lemma finite_words: "finite (words k N)"
proof -
  have "words k N \<subseteq> (\<lambda>f i. if i < N then f i else 0) ` ({..<N} \<rightarrow>\<^sub>E {..<k})"
  proof
    fix w assume w: "w \<in> words k N"
    then have "w = (\<lambda>i. if i < N then restrict w {..<N} i else 0)"
      by (auto simp: words_def)
    moreover have "restrict w {..<N} \<in> {..<N} \<rightarrow>\<^sub>E {..<k}"
      using w by (auto simp: words_def)
    ultimately show "w \<in> (\<lambda>f i. if i < N then f i else 0) ` ({..<N} \<rightarrow>\<^sub>E {..<k})"
      by blast
  qed
  then show ?thesis by (rule finite_subset) (auto intro: finite_PiE)
qed

lemma words_mono: "k \<le> K \<Longrightarrow> words k N \<subseteq> words K N"
  unfolding words_def by fastforce

lemma letter_less_alphabet: "w \<in> words k N \<Longrightarrow> 0 < k \<Longrightarrow> w i < k"
  unfolding words_def by (cases "i < N") auto

lemma zero_in_words: "0 < k \<Longrightarrow> (\<lambda>_. 0) \<in> words k N"
  unfolding words_def by auto

lemma concat_word_in_words: "v \<in> words k n \<Longrightarrow> u \<in> words k m \<Longrightarrow> concat_word n v u \<in> words k (n + m)"
  unfolding words_def concat_word_def by auto

lemma line_point_in_words: "comb_line k N w S \<Longrightarrow> t < k \<Longrightarrow> line_point w S t \<in> words k N"
  unfolding comb_line_def words_def line_point_def by auto

lemma comb_line_mono: "comb_line k N w S \<Longrightarrow> k \<le> K \<Longrightarrow> comb_line K N w S"
  unfolding comb_line_def using words_mono by blast

lemma line_point_concat_left:
  "S \<subseteq> {..<n} \<Longrightarrow> line_point (concat_word n v u) S t = concat_word n (line_point v S t) u"
  unfolding line_point_def concat_word_def by (rule ext) auto

lemma line_point_concat:
  "S \<subseteq> {..<n} \<Longrightarrow> line_point (concat_word n v u) (S \<union> (+) n ` S') t
     = concat_word n (line_point v S t) (line_point u S' t)"
  unfolding line_point_def concat_word_def
  by (rule ext) (auto simp: image_iff; metis add_diff_inverse_nat)

lemma comb_line_concat:
  "v \<in> words k n \<Longrightarrow> S \<subseteq> {..<n} \<Longrightarrow> comb_line k m u S' \<Longrightarrow>
     comb_line k (n + m) (concat_word n v u) (S \<union> (+) n ` S')"
  unfolding comb_line_def using concat_word_in_words[of v k n u m] by auto

lemma monochromatic_line_concat_left:
  assumes "comb_line K n w S" "u \<in> words K m" "monochromatic_line (\<lambda>v. \<chi> (concat_word n v u)) k w S"
  shows "comb_line K (n + m) (concat_word n w u) S \<and> monochromatic_line \<chi> k (concat_word n w u) S"
proof
  show "comb_line K (n + m) (concat_word n w u) S"
    using assms(1,2) concat_word_in_words[of w K n u m] unfolding comb_line_def by auto
  have S: "S \<subseteq> {..<n}"
    using assms(1) unfolding comb_line_def by blast
  show "monochromatic_line \<chi> k (concat_word n w u) S"
    using assms(3) unfolding monochromatic_line_def line_point_concat_left[OF S] .
qed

## Activity
Start to finish, output the whole listing exactly.

## Response below
lemma finite_words: "finite (words k N)"
proof -
  have "words k N \<subseteq> (\<lambda>f i. if i < N then f i else 0) ` ({..<N} \<rightarrow>\<^sub>E {..<k})"
  proof
    fix w assume w: "w \<in> words k N"
    then have "w = (\<lambda>i. if i < N then restrict w {..<N} i else 0)"
      by (auto simp: words_def)
    moreover have "restrict w {..<N} \<in> {..<N} \<rightarrow>\<^sub>E {..<k}"
      using w by (auto simp: words_def)
    ultimately show "w \<in> (\<lambda>f i. if i < N then f i else 0) ` ({..<N} \<rightarrow>\<^sub>E {..<k})"
      by blast
  qed
  then show ?thesis by (rule finite_subset) (auto intro: finite_PiE)
qed

lemma words_mono: "k \<le> K \<Longrightarrow> words k N \<subseteq> words K N"
  unfolding words_def by fastforce

lemma letter_less_alphabet: "w \<in> words k N \<Longrightarrow> 0 < k \<Longrightarrow> w i < k"
  unfolding words_def by (cases "i < N") auto

lemma zero_in_words: "0 < k \<Longrightarrow> (\<lambda>_. 0) \<in> words k N"
  unfolding words_def by auto

lemma concat_word_in_words: "v \<in> words k n \<Longrightarrow> u \<in> words k m \<Longrightarrow> concat_word n v u \<in> words k (n + m)"
  unfolding words_def concat_word_def by auto

lemma line_point_in_words: "comb_line k N w S \<Longrightarrow> t < k \<Longrightarrow> line_point w S t \<in> words k N"
  unfolding comb_line_def words_def line_point_def by auto

lemma comb_line_mono: "comb_line k N w S \<Longrightarrow> k \<le> K \<Longrightarrow> comb_line K N w S"
  unfolding comb_line_def using words_mono by blast

lemma line_point_concat_left:
  "S \<subseteq> {..<n} \<Longrightarrow> line_point (concat_word n v u) S t = concat_word n (line_point v S t) u"
  unfolding line_point_def concat_word_def by (rule ext) auto

lemma line_point_concat:
  "S \<subseteq> {..<n} \<Longrightarrow> line_point (concat_word n v u) (S \<union> (+) n ` S') t
     = concat_word n (line_point v S t) (line_point u S' t)"
  unfolding line_point_def concat_word_def
  by (rule ext) (auto simp: image_iff; metis add_diff_inverse_nat)

lemma comb_line_concat:
  "v \<in> words k n \<Longrightarrow> S \<subseteq> {..<n} \<Longrightarrow> comb_line k m u S' \<Longrightarrow>
     comb_line k (n + m) (concat_word n v u) (S \<union> (+) n ` S')"
  unfolding comb_line_def using concat_word_in_words[of v k n u m] by auto

lemma monochromatic_line_concat_left:
  assumes "comb_line K n w S" "u \<in> words K m" "monochromatic_line (\<lambda>v. \<chi> (concat_word n v u)) k w S"
  shows "comb_line K (n + m) (concat_word n w u) S \<and> monochromatic_line \<chi> k (concat_word n w u) S"
proof
  show "comb_line K (n + m) (concat_word n w u) S"
    using assms(1,2) concat_word_in_words[of w K n u m] unfolding comb_line_def by auto
  have S: "S \<subseteq> {..<n}"
    using assms(1) unfolding comb_line_def by blast
  show "monochromatic_line \<chi> k (concat_word n w u) S"
    using assms(3) unfolding monochromatic_line_def line_point_concat_left[OF S] .
qed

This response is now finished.